The EXPAND Procedure

Interpolating Missing Values

To interpolate missing values in time series without converting the observation frequency, leave off the TO= option on the PROC EXPAND statement. For example, the following statements interpolate any missing values in the time series in the data set ANNUAL.

   proc expand data=annual out=new from=year;
      id date;
      convert x y z;
      convert a b c / observed=total;
   run;

This example assumes that the variables X, Y, and Z represent point-in-time values observed at the beginning of each year. (The default value of the OBSERVED= option is OBSERVED=BEGINNING.) The variables A, B, and C are assumed to represent annual totals.

To interpolate missing values in variables observed at specific points in time, omit both the FROM= and TO= options and use the ID statement to supply time values for the observations. The observations do not need to be periodic or form regular time series, but the data set must be sorted by the ID variable. For example, the following statements interpolate any missing values in the numeric variables in the data set A.

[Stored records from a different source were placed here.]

lemma edges_cross_shape:
  assumes cross: "edges_cross i j" and "i \<le> j" and j: "Suc j < length ps"
  shows "j = Suc (Suc i) \<and> (crossing_down i \<or> crossing_up i)"
proof -
  have i: "Suc i < length ps" using assms(2) j by simp
  let ?u = "ps ! i" and ?v = "ps ! Suc i" and ?w = "ps ! j" and ?z = "ps ! Suc j"
  have "?u \<in> V" "?v \<in> V" "?w \<in> V" "?z \<in> V" using set_subset i j by auto
  then obtain x y where xy: "x \<in> {?u, ?v}" "y \<in> {?w, ?z}" "{x, y} \<in> E"
    and outer: "\<forall>q\<in>{?u, ?v, ?w, ?z}. min x y \<le> q \<and> q \<le> max x y"
    using x_property_outer_edge[OF x_property _ _ _ _ path_edge[OF i] path_edge[OF j] cross]
    by blast
  have "distinct [?u, ?v, ?w, ?z]" using cross by (rule cross_edges_distinct)
  then have "i \<noteq> j" "Suc i \<noteq> j" by auto
  txt \<open>Only consecutive vertices are adjacent, so the outer edge is the middle edge \<open>i + 1\<close>.\<close>
  then have "j = Suc (Suc i) \<and> x = ?v \<and> y = ?w"
    using xy assms(2) i j edge_consecutive[of i j] edge_consecutive[of i "Suc j"]
      edge_consecutive[of "Suc i" j] edge_consecutive[of "Suc i" "Suc j"]
    by auto
  moreover have "?w < ?u \<and> ?u < ?z \<and> ?z < ?v \<or> ?v < ?z \<and> ?z < ?u \<and> ?u < ?w"
    using cross_edges_outer_pattern[OF cross] outer calculation by blast
  ultimately show ?thesis unfolding crossing_down_def crossing_up_def by auto
qed

lemma edges_cross_between:
  assumes j: "Suc j < length ps" and "lo \<le> hi" "hi < length ps" and avoid: "hi < j \<or> Suc j < lo"
    and "spans j (ps ! lo) \<noteq> spans j (ps ! hi)"
  shows "\<exists>m. lo \<le> m \<and> m < hi \<and> edges_cross m j"
proof -
  obtain m where m: "lo \<le> m" "m < hi" "spans j (ps ! m) \<noteq> spans j (ps ! Suc m)"
    using ex_change_point[of lo hi "\<lambda>k. spans j (ps ! k)"] assms(2,5) by auto
  have "edges_cross m j"
    using m assms(3) j avoid
      nth_neq[of j "Suc j"] nth_neq[of m j] nth_neq[of m "Suc j"]
      nth_neq[of "Suc m" j] nth_neq[of "Suc m" "Suc j"]
    by (intro cross_edges_if_separates) auto
  with m show ?thesis by blast
qed

context
  fixes i
  assumes bound: "Suc (Suc (Suc i)) < length ps" and down: "crossing_down i"
begin

lemma down_order:
  "ps ! Suc (Suc i) < ps ! i" "ps ! i < ps ! Suc (Suc (Suc i))"
  "ps ! Suc (Suc (Suc i)) < ps ! Suc i"
  using down unfolding crossing_down_def by auto

lemma down_prefix_within:
  assumes "k \<le> i"
  shows "ps ! Suc (Suc i) < ps ! k \<and> ps ! k < ps ! Suc i"
proof (rule ccontr)
  assume "\<not> ?thesis"
  then have "spans (Suc i) (ps ! k) \<noteq> spans (Suc i) (ps ! i)"
    using down_order by (auto simp: strictly_between_def)
  then obtain m where m: "m < i" and cross: "edges_cross m (Suc i)"
    using edges_cross_between[of "Suc i" k i] bound assms by auto
  have "Suc i = Suc (Suc m) \<and> (crossing_down m \<or> crossing_up m)"
    by (rule edges_cross_shape[OF cross]) (use m bound in simp_all)
  then have "i = Suc m" "crossing_down m \<or> crossing_up m" by simp_all
  then show False
    using down_order unfolding crossing_down_def crossing_up_def by (metis less_asym less_trans)
qed

lemma down_suffix_within:
  assumes "Suc (Suc (Suc i)) \<le> k" "k < length ps"
  shows "ps ! Suc (Suc i) < ps ! k \<and> ps ! k < ps ! Suc i"
proof (rule ccontr)
  assume "\<not> ?thesis"
  then have "spans (Suc i) (ps ! Suc (Suc (Suc i))) \<noteq> spans (Suc i) (ps ! k)"
    using down_order by (auto simp: strictly_between_def)
  then obtain m where m: "Suc (Suc (Suc i)) \<le> m" "m < k" and cross: "edges_cross m (Suc i)"
    using edges_cross_between[of "Suc i" "Suc (Suc (Suc i))" k] bound assms by auto
  have "edges_cross (Suc i) m" using cross crossing_commute by blast
  then have "crossing_down (Suc i) \<or> crossing_up (Suc i)"
    using edges_cross_shape m assms by simp
  then show False
    using down_order unfolding crossing_down_def crossing_up_def by (metis less_asym less_trans)
qed

lemma down_prefix_below:
  assumes "k \<le> i"
  shows "ps ! k < ps ! Suc (Suc (Suc i))"
proof (rule ccontr)
  assume "\<not> ?thesis"
  then have "spans (Suc (Suc i)) (ps ! k) \<noteq> spans (Suc (Suc i)) (ps ! i)"
    using down_order by (auto simp: strictly_between_def)
  then obtain m where m: "m < i" and cross: "edges_cross m (Suc (Suc i))"
    using edges_cross_between[of "Suc (Suc i)" k i] bound assms by auto
  have "Suc (Suc i) = Suc (Suc m)" using edges_cross_shape[OF cross] m bound by simp
  with m show False by simp
qed

lemma down_suffix_above:
  assumes "Suc (Suc (Suc i)) \<le> k" "k < length ps"
  shows "ps ! i < ps ! k"
proof (rule ccontr)
  assume "\<not> ?thesis"
  then have "spans i (ps ! Suc (Suc (Suc i))) \<noteq> spans i (ps ! k)"
    using down_order by (auto simp: strictly_between_def)
  then obtain m where m: "Suc (Suc (Suc i)) \<le> m" "m < k" and cross: "edges_cross m i"
    using edges_cross_between[of i "Suc (Suc (Suc i))" k] bound assms by auto
  have "edges_cross i m" using cross crossing_commute by blast
  then have "m = Suc (Suc i)" using edges_cross_shape m assms by simp
  with m show False by simp
qed

lemma down_prefix_less_suffix:
  assumes j: "j \<le> i" and k: "Suc (Suc (Suc i)) \<le> k" "k < length ps"
  shows "ps ! j < ps ! k"
proof (rule ccontr)
  assume "\<not> ?thesis"
  moreover have "ps ! i < ps ! k" using down_suffix_above k .
  txt \<open>Some edge \<open>m\<close> of the prefix spans \<open>p\<^bsub>k\<^esub>\<close> but not \<open>p\<^bsub>i+3\<^esub>\<close>, so the suffix from
    \<open>p\<^bsub>i+3\<^esub>\<close> to \<open>p\<^bsub>k\<^esub>\<close> crosses it.\<close>
  ultimately obtain m where m: "j \<le> m" "m < i" "(ps ! m < ps ! k) \<noteq> (ps ! Suc m < ps ! k)"
    using ex_change_point[of j i "\<lambda>q. ps ! q < ps ! k"] j by auto
  have "ps ! m \<noteq> ps ! k" "ps ! Suc m \<noteq> ps ! k"
    using nth_neq[of m k] nth_neq[of "Suc m" k] m k by auto
  then have "spans m (ps ! k)" by (rule strictly_between_if_change[OF m(3)])
  moreover have "\<not> spans m (ps ! Suc (Suc (Suc i)))"
    using down_prefix_below[of m] down_prefix_below[of "Suc m"] m
    by (simp add: not_strictly_between_if_ge less_imp_le)
  ultimately obtain m' where m': "Suc (Suc (Suc i)) \<le> m'" "m' < k" and cross: "edges_cross m' m"
    using edges_cross_between[of m "Suc (Suc (Suc i))" k] m k bound by auto
  have "edges_cross m m'" using cross crossing_commute by blast
  then have "m' = Suc (Suc m)" using edges_cross_shape m m' k by simp
  with m m' show False by simp
qed
lemma measure_order_stat_reflect:
  assumes "1 \<le> k" "k \<le> n" and "S \<in> sets borel"
  shows "measure (unif_sample n) {x \<in> space (unif_sample n). order_stat n k x \<in> S}
       = measure (unif_sample n) {x \<in> space (unif_sample n). 1 - order_stat n (n - k + 1) x \<in> S}"
proof -
  have "1 \<le> n - k + 1" "n - k + 1 \<le> n"
    using assms by auto
  then have reflected: "(\<lambda>x. 1 - order_stat n (n - k + 1) x) \<in> borel_measurable (unif_sample n)"
    unfolding unif_sample_def by (intro borel_measurable_diff borel_measurable_order_stat) auto
  have direct: "order_stat n k \<in> borel_measurable (unif_sample n)"
    unfolding unif_sample_def using assms by (intro borel_measurable_order_stat) auto
  have "\<And>f. {x \<in> space (unif_sample n). f x \<in> S} = f -` S \<inter> space (unif_sample n)"
    by auto
  then show ?thesis
    by (simp only: measure_distr[OF direct assms(3), symmetric]
        measure_distr[OF reflected assms(3), symmetric] distr_order_stat_reflect[OF assms(1,2)])
qed

lemma order_stat_greater_chernoff:
  fixes a l :: real
  assumes "1 \<le> k" "k \<le> n" "0 \<le> l"
  defines "p \<equiv> measure unif01 {..a}"
  shows "measure (unif_sample n) {x \<in> space (unif_sample n). a < order_stat n k x}
           \<le> exp (l * (real k - 1)) * (1 - p + p * exp (- l)) ^ n"
    and "measure (unif_sample n) {x \<in> space (unif_sample n). a < order_stat n k x}
           \<le> exp (real n * p * (exp (- l) - 1) + l * (real k - 1))"
proof -
  let ?M = "unif_sample n"
  let ?C = "{x \<in> space ?M. 0 \<le> - l * (real (sample_count n {..a} x) - (real k - 1))}"
  interpret prob_space ?M
    by (rule prob_space_unif_sample)
  have "{x \<in> space ?M. a < order_stat n k x} \<subseteq> ?C"
  proof safe
    fix x
    assume "x \<in> space ?M" "a < order_stat n k x"
    then have "sample_count n {..a} x < k"
      using assms by (simp add: order_stat_greater_iff)
    then show "0 \<le> - l * (real (sample_count n {..a} x) - (real k - 1))"
      using \<open>0 \<le> l\<close> by (simp add: mult_nonneg_nonpos)
  qed
  then have tail: "measure ?M {x \<in> space ?M. a < order_stat n k x} \<le> measure ?M ?C"
    by (rule finite_measure_mono) (simp add: unif_sample_def)
  show "measure ?M {x \<in> space ?M. a < order_stat n k x}
      \<le> exp (l * (real k - 1)) * (1 - p + p * exp (- l)) ^ n"
    using tail sample_count_chernoff[OF prob_space_unif01, of "{..a}" n "- l" "real k - 1"]
    unfolding unif_sample_def p_def by simp
  show "measure ?M {x \<in> space ?M. a < order_stat n k x}
      \<le> exp (real n * p * (exp (- l) - 1) + l * (real k - 1))"
    using tail sample_count_chernoff_poisson[OF prob_space_unif01, of "{..a}" n "- l" "real k - 1"]
    unfolding unif_sample_def p_def by simp
qed

lemma order_stat_less_chernoff:
  fixes b l :: real
  assumes "1 \<le> k" "k \<le> n" "0 \<le> l"
  defines "p \<equiv> measure unif01 {..<b}"
  shows "measure (unif_sample n) {x \<in> space (unif_sample n). order_stat n k x < b}
           \<le> exp (real n * p * (exp l - 1) - l * real k)"
proof -
  let ?M = "unif_sample n"
  interpret prob_space ?M
    by (rule prob_space_unif_sample)
  have "{x \<in> space ?M. order_stat n k x < b}
      \<subseteq> {x \<in> space ?M. 0 \<le> l * (real (sample_count n {..<b} x) - real k)}"
    using assms by (auto simp: order_stat_less_iff)
  then have "measure ?M {x \<in> space ?M. order_stat n k x < b}
      \<le> measure ?M {x \<in> space ?M. 0 \<le> l * (real (sample_count n {..<b} x) - real k)}"
    by (rule finite_measure_mono) (simp add: unif_sample_def)
  then show ?thesis
    using sample_count_chernoff_poisson[OF prob_space_unif01, of "{..<b}" n l "real k"]
    unfolding unif_sample_def p_def by simp
qed

lemma order_stat_upper_deviation:
  fixes n k :: nat and t :: real
  assumes "1 \<le> k" "k \<le> n" "0 < t"
  shows "measure (unif_sample n)
           {x \<in> space (unif_sample n). (sqrt (real k - 1) + sqrt t)\<^sup>2 / real n < order_stat n k x}
         \<le> exp (- t)"
proof -
  define a where "a = (sqrt (real k - 1) + sqrt t)\<^sup>2 / real n"
  define p where "p = measure unif01 {..a}"
  have "0 < sqrt (real k - 1) + sqrt t"
    using assms by (simp add: add_nonneg_pos)
  then have "0 < a"
    using assms by (simp add: a_def)
  then have "p = min a 1"
    by (simp add: p_def measure_unif01_atMost)
  show ?thesis
  proof (cases "a < 1")
    case True
    then have "real n * p = (sqrt (real k - 1) + sqrt t)\<^sup>2"
      using assms by (simp add: \<open>p = min a 1\<close> a_def)
    show ?thesis
      unfolding a_def[symmetric]
    proof (rule poisson_chernoff_lower_tail)
      fix l :: real
      assume "0 \<le> l"
      with order_stat_greater_chernoff(2)[OF assms(1,2) this, of a] \<open>real n * p = _\<close>
      show "measure (unif_sample n) {x \<in> space (unif_sample n). a < order_stat n k x}
          \<le> exp ((sqrt (real k - 1) + sqrt t)\<^sup>2 * (exp (- l) - 1) + l * (real k - 1))"
        by (simp add: p_def)
    qed (use assms in auto)
  next
    case False
    \<comment> \<open>Here \<open>p = 1\<close>: the Poisson relaxation is too weak, but the exact bound is
      \<open>exp (- l (n - k + 1))\<close>.\<close>
    define l where "l = t / (real n - (real k - 1))"
    have "0 < real n - (real k - 1)"
      using assms by simp
    then have "0 \<le> l" "l * (real n - (real k - 1)) = t"
      using assms by (simp_all add: l_def)
    then have "l * (real k - 1) - real n * l = - t"
      by (simp add: algebra_simps)
    have "measure (unif_sample n) {x \<in> space (unif_sample n). a < order_stat n k x}
        \<le> exp (l * (real k - 1)) * (1 - p + p * exp (- l)) ^ n"
      using order_stat_greater_chernoff(1)[OF assms(1,2) \<open>0 \<le> l\<close>, of a] by (simp add: p_def)
    also have "\<dots> = exp (l * (real k - 1)) * exp (- l) ^ n"
      using False by (simp add: \<open>p = min a 1\<close>)
    also have "\<dots> = exp (l * (real k - 1) - real n * l)"
      by (simp only: exp_of_nat_mult[symmetric] mult_exp_exp) simp
    also have "\<dots> = exp (- t)"
      by (simp only: \<open>l * (real k - 1) - real n * l = - t\<close>)
    finally show ?thesis
      unfolding a_def .
  qed
qed

lemma order_stat_lower_deviation:
  fixes n k :: nat and t :: real
  assumes "1 \<le> k" "k \<le> n" "0 \<le> t" "t \<le> real k"
  shows "measure (unif_sample n)
           {x \<in> space (unif_sample n). order_stat n k x < (sqrt (real k) - sqrt t)\<^sup>2 / real n}
         \<le> exp (- 2 * t)"
proof -
  define b where "b = (sqrt (real k) - sqrt t)\<^sup>2 / real n"
  have "sqrt t \<le> sqrt (real k)"
    using assms by simp
  then have "(sqrt (real k) - sqrt t)\<^sup>2 \<le> (sqrt (real k))\<^sup>2"
    using assms by (intro power_mono) auto
  have "0 \<le> b"
    by (simp add: b_def)
  moreover have "b \<le> 1"
    using \<open>(sqrt (real k) - sqrt t)\<^sup>2 \<le> _\<close> assms by (simp add: b_def divide_le_eq)
  ultimately have "measure unif01 {..<b} = b"
    by (rule measure_unif01_lessThan)
  then have "real n * measure unif01 {..<b} = (sqrt (real k) - sqrt t)\<^sup>2"
    using assms by (simp add: b_def)
  show ?thesis
    unfolding b_def[symmetric]
  proof (rule poisson_chernoff_upper_tail)
    fix l :: real
    assume "0 \<le> l"
    with order_stat_less_chernoff[OF assms(1,2) this, of b] \<open>real n * _ = _\<close>
    show "measure (unif_sample n) {x \<in> space (unif_sample n). order_stat n k x < b}
        \<le> exp ((sqrt (real k) - sqrt t)\<^sup>2 * (exp l - 1) - l * real k)"
      by simp
  qed (use assms in auto)
qed

theorem lemmaA1:
  fixes n k :: nat and t :: real
  assumes "1 \<le> k" and "k \<le> n" and "t > 0"
  shows "measure (unif_sample n)
           {x \<in> space (unif_sample n). order_stat n k x > (sqrt (real k - 1) + sqrt t)^2 / real n}
         = measure (unif_sample n)
           {x \<in> space (unif_sample n). 1 - order_stat n (n - k + 1) x > (sqrt (real k - 1) + sqrt t)^2 / real n}
       \<and> measure (unif_sample n)
           {x \<in> space (unif_sample n). 1 - order_stat n (n - k + 1) x > (sqrt (real k - 1) + sqrt t)^2 / real n}
         \<le> exp (- t)
       \<and> measure (unif_sample n)
           {x \<in> space (unif_sample n). order_stat n k x < (sqrt (real k) - sqrt t)^2 / real n}
         = measure (unif_sample n)
           {x \<in> space (unif_sample n). 1 - order_stat n (n - k + 1) x < (sqrt (real k) - sqrt t)^2 / real n}
       \<and> (t \<le> real k \<longrightarrow>
           measure (unif_sample n)
             {x \<in> space (unif_sample n). 1 - order_stat n (n - k + 1) x < (sqrt (real k) - sqrt t)^2 / real n}
           \<le> exp (- 2 * t))"
proof -
  define a b where "a = (sqrt (real k - 1) + sqrt t)^2 / real n"
    and "b = (sqrt (real k) - sqrt t)^2 / real n"
  have upper: "measure (unif_sample n) {x \<in> space (unif_sample n). a < order_stat n k x}
      = measure (unif_sample n) {x \<in> space (unif_sample n). a < 1 - order_stat n (n - k + 1) x}"
    using measure_order_stat_reflect[OF assms(1,2), of "{a<..}"] by simp
  have lower: "measure (unif_sample n) {x \<in> space (unif_sample n). order_stat n k x < b}
      = measure (unif_sample n) {x \<in> space (unif_sample n). 1 - order_stat n (n - k + 1) x < b}"
    using measure_order_stat_reflect[OF assms(1,2), of "{..<b}"] by simp
  show ?thesis
    using upper lower order_stat_upper_deviation[OF assms]
      order_stat_lower_deviation[OF assms(1,2) less_imp_le[OF assms(3)]]
    unfolding a_def b_def by simp
qed

end
text \<open>With equal masses \<open>M\<close> the force is centripetal for the angular velocity
  \<open>w\<^sup>2 = 3M/P\<close>: the two other bodies sum to \<open>3 \<cdot> centre - q\<^sub>i\<close>, and the remaining
  multiple of \<open>q\<^sub>i\<close> reduces to \<open>w\<^sup>2\<close> because \<open>1 + 2c + 3R\<^sup>2 = 3\<close>.\<close>
lemma equal_masses_accel:
  assumes R: "R\<^sup>2 + z\<^sup>2 = 1" and M: "\<forall>j<3. m j = M" and i: "i < 3"
    and w: "w\<^sup>2 = 3 * M / force_denom R z"
  shows "S2_accel 3 m (\<lambda>k. circle R z w (phase k) t) (\<lambda>k. circle_vel R w (phase k) t) i
    = (- (w\<^sup>2)) *\<^sub>R (circle R z w (phase i) t - centre z)"
proof -
  define q where "q = circle R z w (phase i) t"
  define c where "c = vertex_inner R z"
  define F where "F = M / force_denom R z"
  have others: "(\<Sum>j\<in>{..<3} - {i}. circle R z w (phase j) t) = 3 *\<^sub>R centre z - q"
  proof -
    have "(\<Sum>j<3. circle R z w (phase j) t) = q + (\<Sum>j\<in>{..<3} - {i}. circle R z w (phase j) t)"
      unfolding q_def using i by (intro sum.remove) auto
    then show ?thesis by (simp add: sum_equilateral algebra_simps)
  qed
  have card: "card ({..<3::nat} - {i}) = 2" using i by simp
  have two_copies: "(\<Sum>j\<in>{..<3} - {i}. c *\<^sub>R q) = (2 * c) *\<^sub>R q"
    by (simp only: sum_constant_scaleR card scaleR_scaleR) simp
  have "S2_accel 3 m (\<lambda>k. circle R z w (phase k) t) (\<lambda>k. circle_vel R w (phase k) t) i
      = F *\<^sub>R (\<Sum>j\<in>{..<3} - {i}. circle R z w (phase j) t - c *\<^sub>R q) - (R\<^sup>2 * w\<^sup>2) *\<^sub>R q"
    unfolding equilateral_accel[OF i] c_def [symmetric] F_def q_def [symmetric] scaleR_sum_right
    using M by (intro arg_cong2[where f = "(-)"] refl sum.cong) auto
  also have "\<dots> = F *\<^sub>R (3 *\<^sub>R centre z - q - (2 * c) *\<^sub>R q) - (R\<^sup>2 * w\<^sup>2) *\<^sub>R q"
    by (simp only: sum_subtractf others two_copies)
  also have "\<dots> = (3 * F) *\<^sub>R centre z - (F * (1 + 2 * c + 3 * R\<^sup>2)) *\<^sub>R q"
    using w by (simp add: F_def algebra_simps)
  also have "1 + 2 * c + 3 * R\<^sup>2 = 3" using R by (simp add: c_def vertex_inner_def)
  finally show ?thesis
    using w by (simp add: q_def F_def algebra_simps)
qed

text \<open>The component of the equation of motion of body \<open>i\<close> along its direction of
  motion: the centripetal side has none, so the tangential forces must balance.\<close>
lemma tangential_balance:
  assumes "R \<noteq> 0" "force_denom R z > 0" "i < 3"
    and equation: "S2_accel 3 m (\<lambda>k. circle R z w (phase k) t) (\<lambda>k. circle_vel R w (phase k) t) i
                   = (- (w\<^sup>2)) *\<^sub>R (circle R z w (phase i) t - centre z)"
  shows "(\<Sum>j\<in>{..<3} - {i}. m j * sin (phase j - phase i)) = 0"
proof -
  have "0 = unit_tangent w (phase i) t \<bullet> (- (w\<^sup>2)) *\<^sub>R (circle R z w (phase i) t - centre z)"
    by (simp add: inner_diff_right inner_unit_tangent_circle inner_unit_tangent_centre)
  also have "\<dots> = (\<Sum>j\<in>{..<3} - {i}. (m j / force_denom R z) * (R * sin (phase j - phase i)))"
    unfolding equation [symmetric] equilateral_accel[OF assms(3)]
    by (simp add: inner_diff_right inner_sum_right inner_unit_tangent_circle)
  also have "\<dots> = (R / force_denom R z) * (\<Sum>j\<in>{..<3} - {i}. m j * sin (phase j - phase i))"
    unfolding sum_distrib_left by (rule sum.cong) auto
  finally show ?thesis using assms(1,2) by simp
qed

text \<open>Necessity: the tangential balance of bodies 0 and 1 reads
  \<open>(m\<^sub>1 - m\<^sub>2) sin(2\<pi>/3) = 0\<close> and \<open>(m\<^sub>2 - m\<^sub>0) sin(2\<pi>/3) = 0\<close>.\<close>
lemma equilateral_solution_equal_masses:
  assumes "R\<^sup>2 + z\<^sup>2 = 1" "z\<^sup>2 < 1"
    and "S2_solution 3 m (\<lambda>i. circle R z w (phase i))"
  shows "m 0 = m 1 \<and> m 1 = m 2"
proof -
  have "R \<noteq> 0" using assms(1,2) by auto
  have balance: "(\<Sum>j\<in>{..<3} - {i}. m j * sin (phase j - phase i)) = 0" if "i < 3" for i
    using assms(3) that unfolding equilateral_solution_iff[OF assms(1,2)]
    by (intro tangential_balance[OF \<open>R \<noteq> 0\<close> force_denom_pos[OF assms(1,2)] that]) blast
  have "{..<3::nat} - {0} = {1, 2}" "{..<3::nat} - {1} = {0, 2}" by auto
  then have "m 1 * sin (phase 1 - phase 0) + m 2 * sin (phase 2 - phase 0) = 0"
    "m 0 * sin (phase 0 - phase 1) + m 2 * sin (phase 2 - phase 1) = 0"
    using balance[of 0] balance[of 1] by simp_all
  moreover have "phase 1 - phase 0 = 2 * pi / 3" "phase 2 - phase 0 = 4 * pi / 3"
    "phase 0 - phase 1 = - (2 * pi / 3)" "phase 2 - phase 1 = 2 * pi / 3"
    by (simp_all add: phase_def)
  ultimately have "m 1 * sin (2 * pi / 3) + m 2 * sin (4 * pi / 3) = 0"
    "m 0 * sin (- (2 * pi / 3)) + m 2 * sin (2 * pi / 3) = 0"
    by (simp_all only:)
  then show ?thesis by (simp add: sin_120 sin_240)
qed

lemma equal_masses_solution:
  assumes "R\<^sup>2 + z\<^sup>2 = 1" "z\<^sup>2 < 1" "\<forall>j<3. m j = M" "M > 0"
  defines "w \<equiv> sqrt (3 * M / force_denom R z)"
  shows "w \<noteq> 0" and "S2_solution 3 m (\<lambda>i. circle R z w (phase i))"
proof -
  have positive: "3 * M / force_denom R z > 0" using assms(4) force_denom_pos[OF assms(1,2)] by simp
  then show "w \<noteq> 0" unfolding w_def by (metis less_irrefl real_sqrt_eq_zero_cancel_iff)
  have w2: "w\<^sup>2 = 3 * M / force_denom R z"
    using positive unfolding w_def by simp
  show "S2_solution 3 m (\<lambda>i. circle R z w (phase i))"
    unfolding equilateral_solution_iff[OF assms(1,2)]
    using equal_masses_accel[OF assms(1,3) _ w2] by blast
qed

   proc expand data=a out=b;
      id date;
   run;

If the observations are equally spaced in time, and all the series are observed as beginning-of-period values, only the input and output data sets need to be specified. For example, the following statements interpolate any missing values in the numeric variables in the data set A using a cubic spline function, assuming that the observations are at equally spaced points in time.

   proc expand data=a out=b;
   run;

Refer to the section Missing Values for further information.